* FTSEurofirst 300 index of top European shares down 0.5 pct
* More details on $700-billion U.S. bailout plan awaited
* Wall Street set for a weak start; European stocks fall
By Natsuko Waki
LONDON, Sept 22 (Reuters) - Wall Street is set to follow
European stocks lower and the dollar fell on Monday as jittery
investors awaited detail of Washington's $700 billion bailout to
tackle the worst financial crisis since the Great Depression.
Global stocks posted the biggest one-day gain in 20 years on
Friday after the U.S. Treasury proposed the largest-ever bank
rescue plan and world authorities banned short selling and
exercised other measures to restore calm in the markets.
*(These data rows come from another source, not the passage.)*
lemma dlog_minus_two_thirds_dvd:
  assumes p: "p - 1 = 2^Suc k * m" "odd m" and "p > 3"
    and x: "[int (3 * x) = -2] (mod int p)"
    and shift: "[int (dlog 3) - int (dlog 2) = 2^k] (mod 2^Suc k)"
  shows "2^Suc k dvd dlog (int x)"
proof -
  have units: "\<not> int p dvd a" if "a \<in> {-2, -1, 2, 3}" for a
    using that by (intro not_dvd_small[OF \<open>p > 3\<close>]) auto
  have "[int (dlog 3) + int (dlog x) = int (dlog (-2))] (mod int (p - 1))"
    using x by (intro dlog_mult_cong units) simp_all
  moreover have "[int (dlog (-1)) + int (dlog 2) = int (dlog (-2))] (mod int (p - 1))"
    by (intro dlog_mult_cong units) simp_all
  ultimately have "[int (dlog 3) + int (dlog x) = int (dlog (-1)) + int (dlog 2)] (mod int (p - 1))"
    by (rule cong_trans[OF _ cong_sym])
  moreover have "(2::int)^Suc k dvd int (p - 1)" using p by simp
  ultimately have "[int (dlog 3) + int (dlog x) = int (dlog (-1)) + int (dlog 2)] (mod 2^Suc k)"
    by (rule cong_dvd_modulus)
  moreover note shift dlog_minus_one_cong[OF p]
  ultimately have "(2::int)^Suc k dvd (int (dlog 3) + int (dlog x) - (int (dlog (-1)) + int (dlog 2)))
      - (int (dlog 3) - int (dlog 2) - 2^k) + (int (dlog (-1)) - 2^k)"
    unfolding cong_iff_dvd_diff by (rule dvd_add[OF dvd_diff])
  then have "(2::int)^Suc k dvd int (dlog x)" by simp
  then show ?thesis by (metis int_dvd_int_iff of_nat_numeral of_nat_power)
qed

end

theorem lemma4p5:
  fixes p :: nat and B :: "nat set" and x :: nat
  assumes "prime p" and "odd p" and "[p = 1] (mod 4)"
    and "perfect_B_m1_3 p B"
    and "[int (3 * x) = -2] (mod int p)"
  shows "odd (ord p x)"
proof -
  have "p mod 4 = 1" using assms(3) by (simp add: cong_def)
  with prime_gt_1_nat[OF assms(1)] have "p > 3" by presburger
  obtain g where "residue_primroot p g"
    using prime_primitive_root_exists[OF prime_gt_1_nat assms(1)] assms(1) by blast
  interpret prime_primroot p g using assms(1) \<open>residue_primroot p g\<close> by unfold_locales
  obtain k m where p: "p - 1 = 2^Suc k * m" and "odd m"
    using even_decompose_two_power[of "p - 1"] assms(2) \<open>p > 3\<close> by auto
  have "[int (dlog 3) - int (dlog 2) = 2^k] (mod 2^Suc k)"
    using periodic_odd_sum_shift_cong[where N="dlog_count B (2^Suc k)"] dlog_count_cong
      perfect_B_m1_3_balance[OF assms(4) p \<open>odd m\<close>] \<open>odd m\<close> by simp
  then have "2^Suc k dvd dlog (int x)"
    using dlog_minus_two_thirds_dvd[OF p \<open>odd m\<close> \<open>p > 3\<close> assms(5)] by blast
  moreover have "\<not> p dvd x"
  proof
    assume "p dvd x"
    then have "int p dvd -2" using cong_dvd_iff[OF assms(5)] by simp
    then show False using not_dvd_small[OF \<open>p > 3\<close>, of "-2"] by simp
  qed
  ultimately have "ord p x dvd m" using ord_dvd_if_dvd_dlog[of x "2^Suc k"] p by simp
  then show ?thesis using \<open>odd m\<close> by (meson dvd_trans)
qed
However, many aspects of the U.S. plan have yet to be made
public and concerns remained over the slowing U.S. economy and
its impact on the rest of the world after a frantic week which
saw the collapse of Lehman Brothers and the firesale of Merrill
Lynch <MER.N> and UK bank HBOS <HBOS.L>.
"The plan dramatically reduces the systemic risks that have
gripped the markets for a while," said Jacques Henry, analyst at
Louis Capital Markets in Paris.
"The sharp stock rally we saw on Friday, by its magnitude,
signals a big change in direction ... But we might not see a
quick recovery because of the macroeconomic backdrop. The
slowdown is real."
The FTSEurofirst 300 index <> fell 0.5 percent while
U.S. stock futures <SPc1> were down 0.6 percent, pointing to a
weaker open on wall Street.
Asia's 2.8-percent gain <.MIAPJ0000PUS> helped push MSCI
main world equity index <.MIWD00000PUS> higher 0.7 percent,
after rallying more than 6 percent on Friday -- its biggest
percentage gain since at least 1988.
Shares of Goldman Sachs <GS.N> and Morgan Stanley <MS.N>
fell in Europe after they became bank holdings companies
regulated by the Federal Reserve, giving up their cherished
investment banking status in return for cover under the central
bank's wing.
"Even as the package is being debated, we could see more
sizable losses or another significant institution come under
pressure," said Richard McGuire, interest rate strategist at RBC
Capital Markets.
West Virginia-based Ameribank became the 12th bank to
collapse this year as the struggling economy and falling home
prices take their toll on financial institutions.
END OF BEAR MARKET?
Friday's rally pushed the MSCI world equity index off last
week's 2-1/2 year lows, bringing year-to-date losses to just
under 20 percent.
"This cyclical bear market in risky assets is probably over,
but whether a new bull market can be sustained is another
matter. And despite the huge potential rise in U.S. government
debt, the secular bull market in bonds probably still has a way
to run," Credit Suisse said in a note to clients.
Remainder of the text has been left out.